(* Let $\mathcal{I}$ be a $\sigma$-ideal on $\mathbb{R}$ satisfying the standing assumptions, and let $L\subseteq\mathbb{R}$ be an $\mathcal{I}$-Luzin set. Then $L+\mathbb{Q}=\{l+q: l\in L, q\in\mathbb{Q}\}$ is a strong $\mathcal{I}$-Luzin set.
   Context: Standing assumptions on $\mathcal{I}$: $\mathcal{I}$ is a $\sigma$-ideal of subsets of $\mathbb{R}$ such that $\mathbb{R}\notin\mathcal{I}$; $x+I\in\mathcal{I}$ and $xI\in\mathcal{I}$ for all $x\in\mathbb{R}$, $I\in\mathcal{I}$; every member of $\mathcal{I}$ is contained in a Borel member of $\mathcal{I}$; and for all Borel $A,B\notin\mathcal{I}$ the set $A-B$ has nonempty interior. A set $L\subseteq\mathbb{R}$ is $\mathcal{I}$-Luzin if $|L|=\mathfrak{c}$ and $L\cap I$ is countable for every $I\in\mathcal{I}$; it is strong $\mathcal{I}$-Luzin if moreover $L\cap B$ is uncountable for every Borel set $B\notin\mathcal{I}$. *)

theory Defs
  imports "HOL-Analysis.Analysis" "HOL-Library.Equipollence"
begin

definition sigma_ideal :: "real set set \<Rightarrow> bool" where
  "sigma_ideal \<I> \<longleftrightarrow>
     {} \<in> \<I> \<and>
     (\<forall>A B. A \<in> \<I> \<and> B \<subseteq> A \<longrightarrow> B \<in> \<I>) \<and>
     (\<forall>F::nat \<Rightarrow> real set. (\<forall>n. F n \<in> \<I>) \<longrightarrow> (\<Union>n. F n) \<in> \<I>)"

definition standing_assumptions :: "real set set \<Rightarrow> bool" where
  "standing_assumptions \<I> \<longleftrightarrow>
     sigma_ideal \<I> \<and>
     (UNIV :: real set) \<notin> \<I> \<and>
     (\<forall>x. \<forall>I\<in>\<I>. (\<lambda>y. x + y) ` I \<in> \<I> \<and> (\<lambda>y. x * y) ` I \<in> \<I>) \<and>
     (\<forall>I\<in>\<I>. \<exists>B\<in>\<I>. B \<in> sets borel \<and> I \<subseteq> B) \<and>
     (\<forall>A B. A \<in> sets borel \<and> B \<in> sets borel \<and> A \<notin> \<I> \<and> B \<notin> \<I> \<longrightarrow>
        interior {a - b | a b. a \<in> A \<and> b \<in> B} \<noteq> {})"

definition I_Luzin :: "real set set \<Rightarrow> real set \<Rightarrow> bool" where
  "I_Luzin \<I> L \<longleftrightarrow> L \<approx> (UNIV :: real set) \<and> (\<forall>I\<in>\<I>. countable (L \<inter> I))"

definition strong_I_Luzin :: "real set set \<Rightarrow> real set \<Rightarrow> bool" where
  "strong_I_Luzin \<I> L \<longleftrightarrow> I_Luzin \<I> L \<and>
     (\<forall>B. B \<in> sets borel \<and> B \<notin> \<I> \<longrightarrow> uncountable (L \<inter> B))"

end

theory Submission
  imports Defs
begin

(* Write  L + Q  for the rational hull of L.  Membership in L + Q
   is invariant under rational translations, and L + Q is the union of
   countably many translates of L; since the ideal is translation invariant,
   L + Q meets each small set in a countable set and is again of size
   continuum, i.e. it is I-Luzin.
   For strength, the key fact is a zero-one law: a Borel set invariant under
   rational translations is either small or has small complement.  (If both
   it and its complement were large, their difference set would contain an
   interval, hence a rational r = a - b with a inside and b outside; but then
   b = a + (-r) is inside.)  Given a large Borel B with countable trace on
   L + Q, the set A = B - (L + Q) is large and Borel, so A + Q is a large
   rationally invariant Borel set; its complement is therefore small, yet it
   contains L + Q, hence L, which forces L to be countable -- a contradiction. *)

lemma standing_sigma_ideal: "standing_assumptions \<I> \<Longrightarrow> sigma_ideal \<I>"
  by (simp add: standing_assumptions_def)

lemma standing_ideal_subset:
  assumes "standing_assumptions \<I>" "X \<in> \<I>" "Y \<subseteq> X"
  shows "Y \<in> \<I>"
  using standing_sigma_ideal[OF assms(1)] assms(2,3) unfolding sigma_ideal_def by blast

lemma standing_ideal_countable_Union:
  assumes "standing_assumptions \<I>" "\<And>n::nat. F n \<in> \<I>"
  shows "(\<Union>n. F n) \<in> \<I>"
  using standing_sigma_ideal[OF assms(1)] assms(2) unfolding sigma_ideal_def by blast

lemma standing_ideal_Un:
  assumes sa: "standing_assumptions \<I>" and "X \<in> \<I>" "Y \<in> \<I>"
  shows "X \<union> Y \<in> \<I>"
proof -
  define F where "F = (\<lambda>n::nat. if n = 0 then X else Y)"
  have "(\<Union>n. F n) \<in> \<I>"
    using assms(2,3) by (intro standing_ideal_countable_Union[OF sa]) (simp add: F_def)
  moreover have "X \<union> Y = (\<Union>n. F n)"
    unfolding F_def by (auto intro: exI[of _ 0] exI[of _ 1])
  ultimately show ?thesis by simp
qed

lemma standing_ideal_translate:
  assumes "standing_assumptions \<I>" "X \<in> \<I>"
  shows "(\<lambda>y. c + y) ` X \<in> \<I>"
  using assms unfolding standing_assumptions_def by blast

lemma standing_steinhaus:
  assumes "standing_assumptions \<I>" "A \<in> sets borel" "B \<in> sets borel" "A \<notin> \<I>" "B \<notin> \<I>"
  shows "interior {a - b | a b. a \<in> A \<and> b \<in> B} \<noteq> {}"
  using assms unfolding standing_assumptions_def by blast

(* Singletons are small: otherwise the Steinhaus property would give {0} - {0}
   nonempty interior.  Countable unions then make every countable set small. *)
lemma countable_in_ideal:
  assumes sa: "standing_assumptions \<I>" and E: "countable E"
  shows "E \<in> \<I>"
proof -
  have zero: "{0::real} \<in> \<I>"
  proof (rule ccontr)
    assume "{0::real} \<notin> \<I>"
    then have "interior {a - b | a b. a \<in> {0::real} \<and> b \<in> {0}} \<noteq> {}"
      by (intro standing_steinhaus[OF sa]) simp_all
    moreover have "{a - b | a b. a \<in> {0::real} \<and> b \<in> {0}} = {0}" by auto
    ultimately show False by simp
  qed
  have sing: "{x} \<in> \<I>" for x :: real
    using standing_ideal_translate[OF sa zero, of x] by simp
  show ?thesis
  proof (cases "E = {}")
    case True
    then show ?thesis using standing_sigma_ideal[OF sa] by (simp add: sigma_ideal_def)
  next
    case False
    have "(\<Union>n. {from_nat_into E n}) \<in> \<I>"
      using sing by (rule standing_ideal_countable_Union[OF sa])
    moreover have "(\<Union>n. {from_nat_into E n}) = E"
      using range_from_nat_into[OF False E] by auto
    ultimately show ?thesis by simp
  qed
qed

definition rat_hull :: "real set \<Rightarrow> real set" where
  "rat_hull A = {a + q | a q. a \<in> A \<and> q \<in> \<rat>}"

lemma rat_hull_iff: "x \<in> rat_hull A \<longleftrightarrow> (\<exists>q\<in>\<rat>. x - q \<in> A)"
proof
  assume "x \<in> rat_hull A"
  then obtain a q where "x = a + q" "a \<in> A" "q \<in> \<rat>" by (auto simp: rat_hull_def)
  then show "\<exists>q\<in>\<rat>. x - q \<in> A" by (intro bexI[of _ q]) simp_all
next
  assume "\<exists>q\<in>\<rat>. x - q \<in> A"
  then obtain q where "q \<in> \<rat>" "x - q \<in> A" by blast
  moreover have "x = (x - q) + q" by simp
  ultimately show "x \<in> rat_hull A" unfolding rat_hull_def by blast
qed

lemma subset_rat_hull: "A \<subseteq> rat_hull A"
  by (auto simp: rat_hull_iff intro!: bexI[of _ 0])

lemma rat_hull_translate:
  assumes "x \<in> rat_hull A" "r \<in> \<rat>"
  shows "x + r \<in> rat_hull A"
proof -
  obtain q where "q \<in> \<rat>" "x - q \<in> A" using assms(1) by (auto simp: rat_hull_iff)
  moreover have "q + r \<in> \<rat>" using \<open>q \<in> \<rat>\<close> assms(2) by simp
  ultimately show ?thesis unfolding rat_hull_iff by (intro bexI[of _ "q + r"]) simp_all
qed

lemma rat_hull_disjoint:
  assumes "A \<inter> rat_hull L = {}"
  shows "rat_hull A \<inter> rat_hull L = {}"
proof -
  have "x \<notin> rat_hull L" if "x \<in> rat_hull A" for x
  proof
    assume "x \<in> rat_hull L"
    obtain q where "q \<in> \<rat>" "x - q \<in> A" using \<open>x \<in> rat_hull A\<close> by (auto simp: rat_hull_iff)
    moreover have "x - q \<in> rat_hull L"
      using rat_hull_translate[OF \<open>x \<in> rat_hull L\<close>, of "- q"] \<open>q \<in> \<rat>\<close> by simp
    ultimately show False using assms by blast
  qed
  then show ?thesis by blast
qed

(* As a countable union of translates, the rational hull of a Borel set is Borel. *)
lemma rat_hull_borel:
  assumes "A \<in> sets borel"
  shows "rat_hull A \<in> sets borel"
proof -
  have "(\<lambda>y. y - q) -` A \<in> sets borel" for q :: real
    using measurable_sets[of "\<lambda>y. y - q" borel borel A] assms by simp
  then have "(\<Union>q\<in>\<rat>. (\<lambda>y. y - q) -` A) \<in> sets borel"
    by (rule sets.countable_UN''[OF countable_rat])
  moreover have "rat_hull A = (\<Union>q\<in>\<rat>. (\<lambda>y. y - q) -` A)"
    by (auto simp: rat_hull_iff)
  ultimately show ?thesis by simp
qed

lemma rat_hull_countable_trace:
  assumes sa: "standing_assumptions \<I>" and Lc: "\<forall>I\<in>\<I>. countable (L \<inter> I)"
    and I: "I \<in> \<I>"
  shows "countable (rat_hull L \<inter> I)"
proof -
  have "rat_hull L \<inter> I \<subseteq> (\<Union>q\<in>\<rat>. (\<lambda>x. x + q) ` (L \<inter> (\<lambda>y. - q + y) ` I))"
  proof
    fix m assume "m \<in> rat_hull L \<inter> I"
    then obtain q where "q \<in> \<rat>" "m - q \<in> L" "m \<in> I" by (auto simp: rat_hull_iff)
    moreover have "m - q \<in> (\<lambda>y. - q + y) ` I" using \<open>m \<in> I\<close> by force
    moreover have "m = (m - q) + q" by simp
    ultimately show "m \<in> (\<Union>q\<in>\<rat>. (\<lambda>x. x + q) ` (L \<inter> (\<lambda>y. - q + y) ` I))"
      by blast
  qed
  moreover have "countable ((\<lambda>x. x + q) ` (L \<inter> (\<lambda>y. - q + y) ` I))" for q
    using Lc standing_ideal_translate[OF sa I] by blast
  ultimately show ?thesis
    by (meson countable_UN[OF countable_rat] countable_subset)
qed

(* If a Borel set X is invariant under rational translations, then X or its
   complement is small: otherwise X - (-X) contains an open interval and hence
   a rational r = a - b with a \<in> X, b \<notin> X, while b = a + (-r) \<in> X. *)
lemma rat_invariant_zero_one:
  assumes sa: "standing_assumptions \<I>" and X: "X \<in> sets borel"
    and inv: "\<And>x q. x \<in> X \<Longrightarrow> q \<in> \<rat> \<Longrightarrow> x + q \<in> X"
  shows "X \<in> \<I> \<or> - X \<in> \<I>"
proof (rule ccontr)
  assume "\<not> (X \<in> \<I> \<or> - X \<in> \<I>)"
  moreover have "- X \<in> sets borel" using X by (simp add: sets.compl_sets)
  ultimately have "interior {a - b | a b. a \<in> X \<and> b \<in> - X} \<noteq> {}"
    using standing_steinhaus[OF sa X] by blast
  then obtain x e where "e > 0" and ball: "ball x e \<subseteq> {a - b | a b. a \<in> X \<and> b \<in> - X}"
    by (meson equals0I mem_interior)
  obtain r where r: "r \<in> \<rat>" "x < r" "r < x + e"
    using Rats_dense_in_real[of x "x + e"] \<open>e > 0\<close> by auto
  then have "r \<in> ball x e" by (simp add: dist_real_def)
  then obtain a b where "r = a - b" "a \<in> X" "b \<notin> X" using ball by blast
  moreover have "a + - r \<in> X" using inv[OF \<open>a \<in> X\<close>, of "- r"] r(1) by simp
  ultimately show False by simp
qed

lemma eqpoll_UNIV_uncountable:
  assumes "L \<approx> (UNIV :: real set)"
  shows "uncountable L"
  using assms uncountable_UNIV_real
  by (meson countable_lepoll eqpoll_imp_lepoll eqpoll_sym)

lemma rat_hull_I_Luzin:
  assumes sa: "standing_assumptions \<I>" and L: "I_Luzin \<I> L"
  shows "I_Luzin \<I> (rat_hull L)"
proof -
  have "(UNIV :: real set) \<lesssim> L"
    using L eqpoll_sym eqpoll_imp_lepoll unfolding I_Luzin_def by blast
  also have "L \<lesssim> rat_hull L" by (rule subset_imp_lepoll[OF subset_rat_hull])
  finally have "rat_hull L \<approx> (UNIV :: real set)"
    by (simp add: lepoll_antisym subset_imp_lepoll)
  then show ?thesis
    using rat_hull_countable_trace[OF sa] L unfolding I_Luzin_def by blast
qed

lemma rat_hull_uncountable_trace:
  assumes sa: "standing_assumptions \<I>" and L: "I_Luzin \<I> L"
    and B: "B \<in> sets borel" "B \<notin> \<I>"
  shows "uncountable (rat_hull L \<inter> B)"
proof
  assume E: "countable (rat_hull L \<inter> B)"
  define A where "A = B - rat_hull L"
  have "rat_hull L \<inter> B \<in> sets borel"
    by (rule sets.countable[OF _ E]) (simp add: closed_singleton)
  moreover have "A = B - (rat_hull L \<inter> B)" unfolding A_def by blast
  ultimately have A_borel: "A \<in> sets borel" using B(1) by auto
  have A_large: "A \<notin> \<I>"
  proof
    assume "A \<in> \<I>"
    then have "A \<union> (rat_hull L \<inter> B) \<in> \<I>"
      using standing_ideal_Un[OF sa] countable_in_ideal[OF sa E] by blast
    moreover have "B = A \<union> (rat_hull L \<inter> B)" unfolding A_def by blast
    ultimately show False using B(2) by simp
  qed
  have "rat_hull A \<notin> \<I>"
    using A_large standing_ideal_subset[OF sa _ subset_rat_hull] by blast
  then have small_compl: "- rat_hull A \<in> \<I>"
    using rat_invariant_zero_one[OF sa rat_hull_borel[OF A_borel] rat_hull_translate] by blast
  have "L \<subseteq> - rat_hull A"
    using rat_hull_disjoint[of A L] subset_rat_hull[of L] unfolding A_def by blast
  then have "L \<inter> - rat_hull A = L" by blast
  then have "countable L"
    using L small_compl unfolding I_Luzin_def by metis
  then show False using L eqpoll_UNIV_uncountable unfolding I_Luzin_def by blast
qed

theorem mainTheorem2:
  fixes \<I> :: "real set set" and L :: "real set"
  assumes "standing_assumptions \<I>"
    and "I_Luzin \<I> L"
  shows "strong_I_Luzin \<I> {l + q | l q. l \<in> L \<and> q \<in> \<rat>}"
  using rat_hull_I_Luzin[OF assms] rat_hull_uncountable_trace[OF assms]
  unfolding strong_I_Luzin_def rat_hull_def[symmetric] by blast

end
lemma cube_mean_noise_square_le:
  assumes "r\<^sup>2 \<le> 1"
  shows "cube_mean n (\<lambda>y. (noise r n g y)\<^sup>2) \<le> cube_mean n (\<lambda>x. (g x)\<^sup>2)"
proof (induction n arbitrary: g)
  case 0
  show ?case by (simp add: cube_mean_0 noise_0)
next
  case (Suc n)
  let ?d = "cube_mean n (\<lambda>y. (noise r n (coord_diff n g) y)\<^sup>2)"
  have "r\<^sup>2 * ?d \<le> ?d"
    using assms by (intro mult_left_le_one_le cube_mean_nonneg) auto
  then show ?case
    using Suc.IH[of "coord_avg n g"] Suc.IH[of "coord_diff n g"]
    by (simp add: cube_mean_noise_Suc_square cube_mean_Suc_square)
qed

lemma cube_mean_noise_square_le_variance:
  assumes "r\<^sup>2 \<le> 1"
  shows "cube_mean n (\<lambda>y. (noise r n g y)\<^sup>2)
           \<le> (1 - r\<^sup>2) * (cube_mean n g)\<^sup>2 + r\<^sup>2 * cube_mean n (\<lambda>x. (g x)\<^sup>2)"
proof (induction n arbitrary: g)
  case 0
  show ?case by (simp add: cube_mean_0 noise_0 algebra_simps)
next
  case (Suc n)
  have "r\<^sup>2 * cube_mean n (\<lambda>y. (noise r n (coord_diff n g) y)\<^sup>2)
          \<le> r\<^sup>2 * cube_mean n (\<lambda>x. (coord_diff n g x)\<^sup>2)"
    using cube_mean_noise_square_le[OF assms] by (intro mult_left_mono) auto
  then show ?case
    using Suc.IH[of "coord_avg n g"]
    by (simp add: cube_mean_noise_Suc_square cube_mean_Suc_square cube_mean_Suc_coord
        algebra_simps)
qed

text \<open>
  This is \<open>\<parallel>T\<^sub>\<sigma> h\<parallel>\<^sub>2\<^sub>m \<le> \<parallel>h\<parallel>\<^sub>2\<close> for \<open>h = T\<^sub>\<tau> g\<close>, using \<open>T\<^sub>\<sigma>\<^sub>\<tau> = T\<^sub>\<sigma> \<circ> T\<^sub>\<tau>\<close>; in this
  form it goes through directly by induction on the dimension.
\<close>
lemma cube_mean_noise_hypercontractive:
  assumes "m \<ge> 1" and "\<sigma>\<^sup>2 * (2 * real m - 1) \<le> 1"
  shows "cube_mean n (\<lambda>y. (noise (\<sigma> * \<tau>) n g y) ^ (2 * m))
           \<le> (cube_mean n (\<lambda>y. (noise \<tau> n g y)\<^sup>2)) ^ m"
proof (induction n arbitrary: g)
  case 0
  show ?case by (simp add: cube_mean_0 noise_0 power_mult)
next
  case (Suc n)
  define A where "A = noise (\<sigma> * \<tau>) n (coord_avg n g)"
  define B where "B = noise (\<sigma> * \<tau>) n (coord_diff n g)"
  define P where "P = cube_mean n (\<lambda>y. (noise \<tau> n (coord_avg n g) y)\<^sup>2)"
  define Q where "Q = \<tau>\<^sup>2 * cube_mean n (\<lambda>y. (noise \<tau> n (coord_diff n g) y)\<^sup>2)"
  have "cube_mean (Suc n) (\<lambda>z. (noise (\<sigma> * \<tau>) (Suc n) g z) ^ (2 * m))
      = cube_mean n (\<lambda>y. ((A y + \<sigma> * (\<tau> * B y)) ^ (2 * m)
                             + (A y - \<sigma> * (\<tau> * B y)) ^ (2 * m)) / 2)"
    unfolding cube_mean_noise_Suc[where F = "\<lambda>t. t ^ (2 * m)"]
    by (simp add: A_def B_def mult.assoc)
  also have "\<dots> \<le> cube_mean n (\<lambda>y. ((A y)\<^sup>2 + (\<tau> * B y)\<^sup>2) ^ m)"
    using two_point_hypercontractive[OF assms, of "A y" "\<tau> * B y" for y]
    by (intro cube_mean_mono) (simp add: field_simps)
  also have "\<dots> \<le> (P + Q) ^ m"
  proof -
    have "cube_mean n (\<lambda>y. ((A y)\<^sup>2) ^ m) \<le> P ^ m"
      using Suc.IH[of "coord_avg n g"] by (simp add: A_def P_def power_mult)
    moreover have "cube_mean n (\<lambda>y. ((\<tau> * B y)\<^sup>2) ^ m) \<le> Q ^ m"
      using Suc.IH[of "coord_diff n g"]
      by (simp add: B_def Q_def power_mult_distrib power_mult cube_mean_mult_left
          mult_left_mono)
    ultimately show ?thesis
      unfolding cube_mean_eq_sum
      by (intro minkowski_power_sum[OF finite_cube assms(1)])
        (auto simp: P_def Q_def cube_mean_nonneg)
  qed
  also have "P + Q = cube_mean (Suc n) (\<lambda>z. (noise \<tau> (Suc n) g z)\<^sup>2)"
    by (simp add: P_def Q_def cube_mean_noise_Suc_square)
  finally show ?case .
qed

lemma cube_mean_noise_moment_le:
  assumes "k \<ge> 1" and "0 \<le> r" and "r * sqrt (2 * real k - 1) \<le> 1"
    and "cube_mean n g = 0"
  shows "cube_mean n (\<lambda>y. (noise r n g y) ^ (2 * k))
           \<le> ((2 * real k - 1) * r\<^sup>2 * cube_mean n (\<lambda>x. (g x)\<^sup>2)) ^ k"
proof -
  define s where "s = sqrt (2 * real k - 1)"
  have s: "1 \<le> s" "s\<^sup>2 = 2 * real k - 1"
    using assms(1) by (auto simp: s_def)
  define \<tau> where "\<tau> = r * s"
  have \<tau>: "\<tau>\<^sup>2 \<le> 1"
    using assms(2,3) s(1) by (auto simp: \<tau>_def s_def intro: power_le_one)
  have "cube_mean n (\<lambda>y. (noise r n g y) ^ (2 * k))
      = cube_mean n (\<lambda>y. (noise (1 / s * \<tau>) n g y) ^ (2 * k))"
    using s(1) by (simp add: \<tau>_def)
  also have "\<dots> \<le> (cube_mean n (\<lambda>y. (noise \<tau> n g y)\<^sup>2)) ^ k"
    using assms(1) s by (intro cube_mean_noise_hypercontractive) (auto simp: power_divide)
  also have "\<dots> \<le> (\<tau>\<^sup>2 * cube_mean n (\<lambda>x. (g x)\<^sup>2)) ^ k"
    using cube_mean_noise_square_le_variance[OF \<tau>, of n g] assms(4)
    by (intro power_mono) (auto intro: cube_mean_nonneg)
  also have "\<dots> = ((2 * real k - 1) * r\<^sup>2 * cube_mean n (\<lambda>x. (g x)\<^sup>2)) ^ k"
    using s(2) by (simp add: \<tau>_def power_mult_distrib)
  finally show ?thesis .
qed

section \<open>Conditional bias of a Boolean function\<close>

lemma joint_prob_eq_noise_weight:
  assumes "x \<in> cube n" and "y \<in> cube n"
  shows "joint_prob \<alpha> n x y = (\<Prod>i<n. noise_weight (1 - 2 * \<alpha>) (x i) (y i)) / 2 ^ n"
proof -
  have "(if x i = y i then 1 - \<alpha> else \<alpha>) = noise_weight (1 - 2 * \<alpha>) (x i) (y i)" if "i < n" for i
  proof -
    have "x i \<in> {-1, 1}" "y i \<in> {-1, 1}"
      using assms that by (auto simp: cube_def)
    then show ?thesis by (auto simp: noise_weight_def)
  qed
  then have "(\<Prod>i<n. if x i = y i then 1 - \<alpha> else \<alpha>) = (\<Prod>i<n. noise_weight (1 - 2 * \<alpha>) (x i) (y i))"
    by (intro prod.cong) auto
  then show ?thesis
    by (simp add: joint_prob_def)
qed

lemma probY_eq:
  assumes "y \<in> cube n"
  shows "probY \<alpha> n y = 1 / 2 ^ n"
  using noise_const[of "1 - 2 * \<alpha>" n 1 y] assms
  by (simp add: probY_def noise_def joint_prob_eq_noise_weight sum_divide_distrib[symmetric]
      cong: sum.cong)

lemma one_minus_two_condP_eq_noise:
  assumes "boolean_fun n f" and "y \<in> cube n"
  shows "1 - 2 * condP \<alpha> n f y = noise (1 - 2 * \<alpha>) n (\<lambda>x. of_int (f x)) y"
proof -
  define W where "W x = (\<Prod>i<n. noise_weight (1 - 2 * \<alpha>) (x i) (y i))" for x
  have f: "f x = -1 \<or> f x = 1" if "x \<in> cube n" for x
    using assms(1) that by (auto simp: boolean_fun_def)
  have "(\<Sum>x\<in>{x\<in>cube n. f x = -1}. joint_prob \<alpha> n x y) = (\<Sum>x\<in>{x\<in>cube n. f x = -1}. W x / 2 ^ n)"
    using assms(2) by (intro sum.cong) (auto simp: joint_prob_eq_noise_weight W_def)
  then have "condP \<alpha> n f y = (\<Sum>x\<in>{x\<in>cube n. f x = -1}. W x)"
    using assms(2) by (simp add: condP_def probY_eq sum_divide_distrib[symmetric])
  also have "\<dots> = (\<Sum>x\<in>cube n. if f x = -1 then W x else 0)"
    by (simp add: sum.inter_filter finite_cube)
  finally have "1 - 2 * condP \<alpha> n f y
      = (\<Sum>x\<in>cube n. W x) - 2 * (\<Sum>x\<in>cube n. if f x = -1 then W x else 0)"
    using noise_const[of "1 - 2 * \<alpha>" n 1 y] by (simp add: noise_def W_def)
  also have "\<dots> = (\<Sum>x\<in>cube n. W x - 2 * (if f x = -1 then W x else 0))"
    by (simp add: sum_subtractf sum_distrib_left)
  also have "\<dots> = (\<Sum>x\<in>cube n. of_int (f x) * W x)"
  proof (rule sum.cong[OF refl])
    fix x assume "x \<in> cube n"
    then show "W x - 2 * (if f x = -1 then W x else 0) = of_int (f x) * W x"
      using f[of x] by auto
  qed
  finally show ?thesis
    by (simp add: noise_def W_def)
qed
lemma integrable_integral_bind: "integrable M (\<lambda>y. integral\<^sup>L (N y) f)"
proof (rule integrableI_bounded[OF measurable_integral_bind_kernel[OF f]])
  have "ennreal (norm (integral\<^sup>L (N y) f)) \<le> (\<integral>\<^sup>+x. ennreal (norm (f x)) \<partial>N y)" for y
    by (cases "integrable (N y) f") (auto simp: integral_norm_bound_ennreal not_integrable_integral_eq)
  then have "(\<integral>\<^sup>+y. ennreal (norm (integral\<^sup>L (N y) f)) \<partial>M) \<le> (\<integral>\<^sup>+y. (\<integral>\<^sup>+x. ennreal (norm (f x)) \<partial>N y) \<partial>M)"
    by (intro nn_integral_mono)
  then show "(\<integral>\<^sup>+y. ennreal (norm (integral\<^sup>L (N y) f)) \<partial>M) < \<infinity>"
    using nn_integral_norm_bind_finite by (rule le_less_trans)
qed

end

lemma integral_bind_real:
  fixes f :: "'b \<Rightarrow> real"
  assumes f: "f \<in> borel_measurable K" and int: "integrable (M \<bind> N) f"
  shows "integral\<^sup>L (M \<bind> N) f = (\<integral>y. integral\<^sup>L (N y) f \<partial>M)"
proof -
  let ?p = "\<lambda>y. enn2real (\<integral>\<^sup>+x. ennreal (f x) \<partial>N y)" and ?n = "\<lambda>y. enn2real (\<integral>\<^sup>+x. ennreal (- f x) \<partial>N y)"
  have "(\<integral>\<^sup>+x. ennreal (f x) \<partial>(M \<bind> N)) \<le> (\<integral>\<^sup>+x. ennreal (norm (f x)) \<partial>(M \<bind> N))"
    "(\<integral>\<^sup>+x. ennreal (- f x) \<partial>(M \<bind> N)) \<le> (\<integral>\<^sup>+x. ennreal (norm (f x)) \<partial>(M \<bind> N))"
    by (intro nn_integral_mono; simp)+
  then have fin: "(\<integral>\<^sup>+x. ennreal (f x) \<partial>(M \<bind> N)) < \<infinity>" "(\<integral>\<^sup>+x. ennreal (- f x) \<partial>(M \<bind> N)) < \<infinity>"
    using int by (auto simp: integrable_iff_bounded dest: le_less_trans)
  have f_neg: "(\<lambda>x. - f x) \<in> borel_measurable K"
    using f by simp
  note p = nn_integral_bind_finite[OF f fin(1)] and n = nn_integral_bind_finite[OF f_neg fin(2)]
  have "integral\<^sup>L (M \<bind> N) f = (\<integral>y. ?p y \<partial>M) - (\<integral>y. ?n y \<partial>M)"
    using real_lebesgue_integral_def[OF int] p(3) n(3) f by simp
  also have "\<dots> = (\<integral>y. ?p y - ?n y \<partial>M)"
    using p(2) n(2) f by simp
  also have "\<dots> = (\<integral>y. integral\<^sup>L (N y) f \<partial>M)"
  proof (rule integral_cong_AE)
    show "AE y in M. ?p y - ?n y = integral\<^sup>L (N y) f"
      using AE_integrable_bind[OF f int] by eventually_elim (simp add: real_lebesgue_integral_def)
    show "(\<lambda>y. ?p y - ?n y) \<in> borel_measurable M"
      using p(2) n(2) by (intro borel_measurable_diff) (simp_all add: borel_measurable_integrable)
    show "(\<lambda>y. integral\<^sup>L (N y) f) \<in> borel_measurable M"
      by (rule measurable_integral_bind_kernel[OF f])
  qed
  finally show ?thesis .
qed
•••
→ **What to do**
Copy out all lines of the material containing the word "finally".

→ **Response area**
  finally have "rat_hull L \<approx> (UNIV :: real set)"
  finally show ?case .
  finally show ?thesis .
  finally have "1 - 2 * condP \<alpha> n f y
  finally show ?thesis
  finally show ?thesis .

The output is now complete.